Data for analysis below:

lemma lap_eigs_spec:
  assumes "simple_graph n E"
  shows "length (lap_eigs n E) = n" "sorted_wrt (\<ge>) (lap_eigs n E)"
    "char_poly (laplacian n E) = (\<Prod>a\<leftarrow>lap_eigs n E. [:- a, 1:])"
proof -
  obtain xs where xs: "length xs = n" "char_poly (laplacian n E) = (\<Prod>a\<leftarrow>xs. [:- a, 1:])"
    using char_poly_splits_if_symmetric[OF laplacian_carrier_mat laplacian_symmetric[OF assms]] .
  define ys where "ys = rev (sort xs)"
  have ys: "length ys = n \<and> sorted_wrt (\<ge>) ys \<and> char_poly (laplacian n E) = (\<Prod>a\<leftarrow>ys. [:- a, 1:])"
    using xs linear_factors_eq_if_mset_eq[of ys xs] unfolding ys_def by (simp add: sorted_wrt_rev)
  have "length (lap_eigs n E) = n \<and> sorted_wrt (\<ge>) (lap_eigs n E)
      \<and> char_poly (laplacian n E) = (\<Prod>a\<leftarrow>lap_eigs n E. [:- a, 1:])"
    unfolding lap_eigs_def by (rule theI[of _ ys]) (use ys lap_eigs_unique in blast)+
  then show "length (lap_eigs n E) = n" "sorted_wrt (\<ge>) (lap_eigs n E)"
    "char_poly (laplacian n E) = (\<Prod>a\<leftarrow>lap_eigs n E. [:- a, 1:])" by auto
qed

lemma lap_eigs_eqI:
  assumes "simple_graph n E" "sorted_wrt (\<ge>) xs"
    and "char_poly (laplacian n E) = (\<Prod>a\<leftarrow>xs. [:- a, 1:])"
  shows "lap_eigs n E = xs"
  using lap_eigs_spec[OF assms(1)] assms(2,3) by (blast intro: lap_eigs_unique)

lemma sum_degree_eq_twice_num_edges:
  assumes "simple_graph n E"
  shows "(\<Sum>i<n. degree n E i) = 2 * num_edges n E"
proof -
  let ?edges = "{(i, j). i < j \<and> j < n \<and> E i j}"
  have "(\<Sum>i<n. degree n E i) = card (SIGMA i:{..<n}. {u. u < n \<and> E i u})"
    unfolding degree_def by (subst card_SigmaI) auto
  also have "(SIGMA i:{..<n}. {u. u < n \<and> E i u}) = ?edges \<union> prod.swap ` ?edges"
    using assms unfolding simple_graph_def
    by (auto simp: image_iff) (metis linorder_neqE_nat)+
  also have "card \<dots> = card ?edges + card (prod.swap ` ?edges)"
    by (rule card_Un_disjoint) (auto intro: finite_subset[of _ "{..<n} \<times> {..<n}"])
  also have "card (prod.swap ` ?edges) = card ?edges"
    by (rule card_image) simp
  finally show ?thesis unfolding num_edges_def by simp
qed

lemma sum_lap_eigs:
  assumes "simple_graph n E"
  shows "sum_list (lap_eigs n E) = 2 * real (num_edges n E)"
proof -
  have "sum_list (lap_eigs n E) = mat_trace (laplacian n E)"
    using mat_trace_eq_sum_eigenvalues[OF laplacian_carrier_mat lap_eigs_spec(3)[OF assms]] ..
  also have "\<dots> = real (\<Sum>i<n. degree n E i)"
    unfolding mat_trace_def laplacian_def by simp
  finally show ?thesis using sum_degree_eq_twice_num_edges[OF assms] by simp
qed

section \<open>The spectrum of threshold graphs\<close>

text \<open>
  A threshold graph on \<open>N\<close> nodes is described by its insertion steps \<open>0..<N\<close>, node \<open>q\<close> being
  dominating iff \<open>D q\<close>; the value of \<open>D 0\<close> is irrelevant.
\<close>

definition dominating_after :: "(nat \<Rightarrow> bool) \<Rightarrow> nat \<Rightarrow> nat \<Rightarrow> nat" where
  "dominating_after D N p = card {q. p < q \<and> q < N \<and> D q}"

definition thr_degree :: "(nat \<Rightarrow> bool) \<Rightarrow> nat \<Rightarrow> nat \<Rightarrow> nat" where
  "thr_degree D N p = (if D p then p else 0) + dominating_after D N p"

definition thr_eigenvalue :: "(nat \<Rightarrow> bool) \<Rightarrow> nat \<Rightarrow> nat \<Rightarrow> nat" where
  "thr_eigenvalue D N j = (if j = 0 then 0 else (if D j then j + 1 else 0) + dominating_after D N j)"

definition thr_conj_degree :: "(nat \<Rightarrow> bool) \<Rightarrow> nat \<Rightarrow> nat \<Rightarrow> nat" where
  "thr_conj_degree D N i = card {p. p < N \<and> i \<le> thr_degree D N p}"

lemma dominating_after_Suc:
  "dominating_after D (Suc N) p = dominating_after D N p + (if D N \<and> p < N then 1 else 0)"
proof -
  have "{q. p < q \<and> q < Suc N \<and> D q}
      = {q. p < q \<and> q < N \<and> D q} \<union> (if D N \<and> p < N then {N} else {})"
    by (auto simp: less_Suc_eq)
  then show ?thesis unfolding dominating_after_def by (auto simp: card_insert_if)
qed

lemma dominating_after_le: "dominating_after D N p \<le> N - Suc p"
proof -
  have "dominating_after D N p \<le> card {Suc p..<N}"
    unfolding dominating_after_def by (rule card_mono) auto
  then show ?thesis by simp
qed

lemma thr_degree_less: "p < N \<Longrightarrow> thr_degree D N p < N"
  using dominating_after_le[of D N p] unfolding thr_degree_def by auto

lemma thr_conj_degree_0: "thr_conj_degree D N 0 = N"
  unfolding thr_conj_degree_def by simp

lemma thr_conj_degree_eq_0: "N \<le> i \<Longrightarrow> thr_conj_degree D N i = 0"
  unfolding thr_conj_degree_def using thr_degree_less[of _ N D]
  by (auto simp: card_eq_0_iff) (meson le_trans not_less)

lemma thr_conj_degree_antimono: "i \<le> j \<Longrightarrow> thr_conj_degree D N j \<le> thr_conj_degree D N i"
  unfolding thr_conj_degree_def by (intro card_mono) auto

lemma thr_step_isolated:
  assumes "\<not> D N"
  shows "map (thr_eigenvalue D (Suc N)) [0..<Suc N] = map (thr_eigenvalue D N) [0..<N] @ [0]"
    and "map (thr_conj_degree D (Suc N)) [1..<Suc (Suc N)] = map (thr_conj_degree D N) [1..<Suc N] @ [0]"
proof -
  have after: "dominating_after D (Suc N) p = dominating_after D N p" for p
    using assms by (simp add: dominating_after_Suc)
  have "dominating_after D (Suc N) N = 0"
    using dominating_after_le[of D "Suc N" N] by simp
  then show "map (thr_eigenvalue D (Suc N)) [0..<Suc N] = map (thr_eigenvalue D N) [0..<N] @ [0]"
    using assms by (simp add: thr_eigenvalue_def after)
  have "thr_degree D (Suc N) N = 0"
    using assms dominating_after_le[of D "Suc N" N] by (simp add: thr_degree_def)
  then have "thr_conj_degree D (Suc N) i = thr_conj_degree D N i" if "1 \<le> i" for i
    unfolding thr_conj_degree_def using that
    by (auto simp: less_Suc_eq thr_degree_def after intro!: arg_cong[where f=card])
  then have "map (thr_conj_degree D (Suc N)) [1..<Suc N] = map (thr_conj_degree D N) [1..<Suc N]"
    by (intro map_cong) auto
  moreover have "thr_conj_degree D (Suc N) (Suc N) = 0" by (simp add: thr_conj_degree_eq_0)
  ultimately show "map (thr_conj_degree D (Suc N)) [1..<Suc (Suc N)]
      = map (thr_conj_degree D N) [1..<Suc N] @ [0]" by simp
qed

lemma thr_step_dominating:
  assumes "D N" "0 < N"
  shows "map (thr_eigenvalue D (Suc N)) [0..<Suc N]
      = 0 # map (\<lambda>j. thr_eigenvalue D N j + 1) [1..<N] @ [N + 1]"
    and "map (thr_conj_degree D (Suc N)) [1..<Suc (Suc N)]
      = (N + 1) # map (\<lambda>i. thr_conj_degree D N i + 1) [1..<N] @ [0]"
proof -
  have after: "p < N \<Longrightarrow> dominating_after D (Suc N) p = dominating_after D N p + 1" for p
    using assms by (simp add: dominating_after_Suc)
  have after_N: "dominating_after D (Suc N) N = 0"
    using dominating_after_le[of D "Suc N" N] by simp
  have upt_N: "[0..<N] = 0 # [1..<N]" using assms(2) by (simp add: upt_rec)
  show "map (thr_eigenvalue D (Suc N)) [0..<Suc N]
      = 0 # map (\<lambda>j. thr_eigenvalue D N j + 1) [1..<N] @ [N + 1]"
    using assms after after_N by (simp add: upt_N thr_eigenvalue_def)
  have "thr_degree D (Suc N) p = thr_degree D N p + 1" if "p < N" for p
    using that after by (simp add: thr_degree_def)
  moreover have "thr_degree D (Suc N) N = N"
    using assms after_N by (simp add: thr_degree_def)
  ultimately have "{p. p < Suc N \<and> Suc i \<le> thr_degree D (Suc N) p}
      = {p. p < N \<and> i \<le> thr_degree D N p} \<union> (if Suc i \<le> N then {N} else {})" for i
    by (auto simp: less_Suc_eq)
  then have conj: "thr_conj_degree D (Suc N) (Suc i) = thr_conj_degree D N i + (if Suc i \<le> N then 1 else 0)"
    for i unfolding thr_conj_degree_def by (auto simp: card_insert_if)
  have "map (thr_conj_degree D (Suc N)) [1..<Suc (Suc N)]
      = map (\<lambda>i. thr_conj_degree D (Suc N) (Suc i)) (0 # [1..<N] @ [N])"
  proof -
    have "[1..<Suc (Suc N)] = map Suc [0..<Suc N]" by (simp add: map_Suc_upt)
    also have "[0..<Suc N] = 0 # [1..<N] @ [N]" by (simp add: upt_N)
    finally show ?thesis by simp
  qed
  also have "\<dots> = (N + 1) # map (\<lambda>i. thr_conj_degree D N i + 1) [1..<N] @ [0]"
    using assms(2) by (simp add: conj thr_conj_degree_0 thr_conj_degree_eq_0)
  finally show "map (thr_conj_degree D (Suc N)) [1..<Suc (Suc N)]
      = (N + 1) # map (\<lambda>i. thr_conj_degree D N i + 1) [1..<N] @ [0]" .
qed

lemma mset_thr_eigenvalues:
  "mset (map (thr_eigenvalue D N) [0..<N]) = mset (map (thr_conj_degree D N) [1..<Suc N])"
proof (induction N)
  case (Suc N)
  consider "\<not> D N" | "D N" "N = 0" | "D N" "0 < N" by blast
  then show ?case
  proof cases
    case 1
    then show ?thesis by (simp only: thr_step_isolated[of D N, OF 1] mset_append Suc.IH)
  next
    case 2
    then show ?thesis by (simp add: thr_eigenvalue_def thr_conj_degree_eq_0)
  next
    case 3
    have "mset (map (thr_eigenvalue D N) [0..<N]) = add_mset 0 (mset (map (thr_eigenvalue D N) [1..<N]))"
      using 3 by (simp add: upt_rec thr_eigenvalue_def)
    moreover have "mset (map (thr_conj_degree D N) [1..<Suc N])
        = add_mset 0 (mset (map (thr_conj_degree D N) [1..<N]))"
      using 3 by (simp add: thr_conj_degree_eq_0)
    ultimately have "mset (map (thr_eigenvalue D N) [1..<N]) = mset (map (thr_conj_degree D N) [1..<N])"
      using Suc.IH by simp
    then have "image_mset Suc (mset (map (thr_eigenvalue D N) [1..<N]))
        = image_mset Suc (mset (map (thr_conj_degree D N) [1..<N]))" by simp
    then have "mset (map (\<lambda>j. thr_eigenvalue D N j + 1) [1..<N])
        = mset (map (\<lambda>i. thr_conj_degree D N i + 1) [1..<N])"
      by (simp add: image_mset.compositionality comp_def)
    then show ?thesis unfolding thr_step_dominating[of D N, OF 3] by simp
  qed
qed simp

definition thr_eigenvector :: "nat \<Rightarrow> nat \<Rightarrow> real" where
  "thr_eigenvector j q = (if j = 0 \<or> q < j then 1 else if q = j then - real j else 0)"

definition thr_eigenvector_sqnorm :: "nat \<Rightarrow> nat \<Rightarrow> real" where
  "thr_eigenvector_sqnorm N j = (if j = 0 then real N else real j + real j ^ 2)"

lemma sum_if_less_const: "j \<le> n \<Longrightarrow> (\<Sum>q<n. if q < j then c else 0) = real j * (c::real)"
proof -
  assume "j \<le> n"
  then have "{q \<in> {..<n}. q < j} = {..<j}" by auto
  then show ?thesis using sum.inter_filter[of "{..<n}" "\<lambda>_. c" "\<lambda>q. q < j"] by simp
qed

lemma sum_dominating_after:
  "(\<Sum>q<n. if j < q \<and> D q then 1 else 0) = real (dominating_after D n j)"
proof -
  have "{q \<in> {..<n}. j < q \<and> D q} = {q. j < q \<and> q < n \<and> D q}" by auto
  then show ?thesis unfolding dominating_after_def
    using sum.inter_filter[of "{..<n}" "\<lambda>_. 1::real" "\<lambda>q. j < q \<and> D q"] by simp
qed

lemma sum_thr_eigenvector:
  "j < n \<Longrightarrow> (\<Sum>q<n. thr_eigenvector j q) = (if j = 0 then real n else 0)"
proof (cases "j = 0")
  case False
  assume "j < n"
  then have "(\<Sum>q<n. thr_eigenvector j q)
      = (\<Sum>q<n. (if q < j then 1 else 0) + (if q = j then - real j else 0))"
    by (intro sum.cong) (auto simp: thr_eigenvector_def False)
  with \<open>j < n\<close> False show ?thesis by (simp add: sum.distrib sum_if_less_const)
qed (simp add: thr_eigenvector_def)

lemma thr_eigenvector_inner:
  assumes "i < n" "j < n"
  shows "(\<Sum>q<n. thr_eigenvector i q * thr_eigenvector j q)
    = (if i = j then thr_eigenvector_sqnorm n j else 0)"
proof -
  have orth: "(\<Sum>q<n. thr_eigenvector i q * thr_eigenvector j q) = 0" if "i < j" "j < n" for i j
  proof (cases "i = 0")
    case True
    then show ?thesis using sum_thr_eigenvector[OF that(2)] that by (simp add: thr_eigenvector_def)
  next
    case False
    \<comment> \<open>\<open>thr_eigenvector j\<close> is constant on the support of \<open>thr_eigenvector i\<close>.\<close>
    have "(\<Sum>q<n. thr_eigenvector i q * thr_eigenvector j q) = (\<Sum>q<n. thr_eigenvector i q)"
      by (rule sum.cong) (use that False in \<open>auto simp: thr_eigenvector_def\<close>)
    then show ?thesis using sum_thr_eigenvector[of i n] that False by simp
  qed
  have norm: "(\<Sum>q<n. thr_eigenvector j q * thr_eigenvector j q) = thr_eigenvector_sqnorm n j"
  proof (cases "j = 0")
    case False
    have "(\<Sum>q<n. thr_eigenvector j q * thr_eigenvector j q)
        = (\<Sum>q<n. (if q < j then 1 else 0) + (if q = j then real j ^ 2 else 0))"
      by (rule sum.cong) (auto simp: thr_eigenvector_def False power2_eq_square)
    then show ?thesis
      using assms False by (simp add: sum.distrib sum_if_less_const thr_eigenvector_sqnorm_def)
  qed (simp add: thr_eigenvector_def thr_eigenvector_sqnorm_def)
  show ?thesis
    using orth[of i j] orth[of j i] norm assms by (auto simp: mult.commute neq_iff)
qed

lemma thr_eigenvector_sqnorm_nonzero: "j < n \<Longrightarrow> thr_eigenvector_sqnorm n j \<noteq> 0"
  unfolding thr_eigenvector_sqnorm_def using add_pos_nonneg[of "real j" "real j ^ 2"] by auto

End of Data for analysis.

Counting only lines with the word "union" in them, say how many there are in the entries above, with no other words.

■ Output for this exercise
3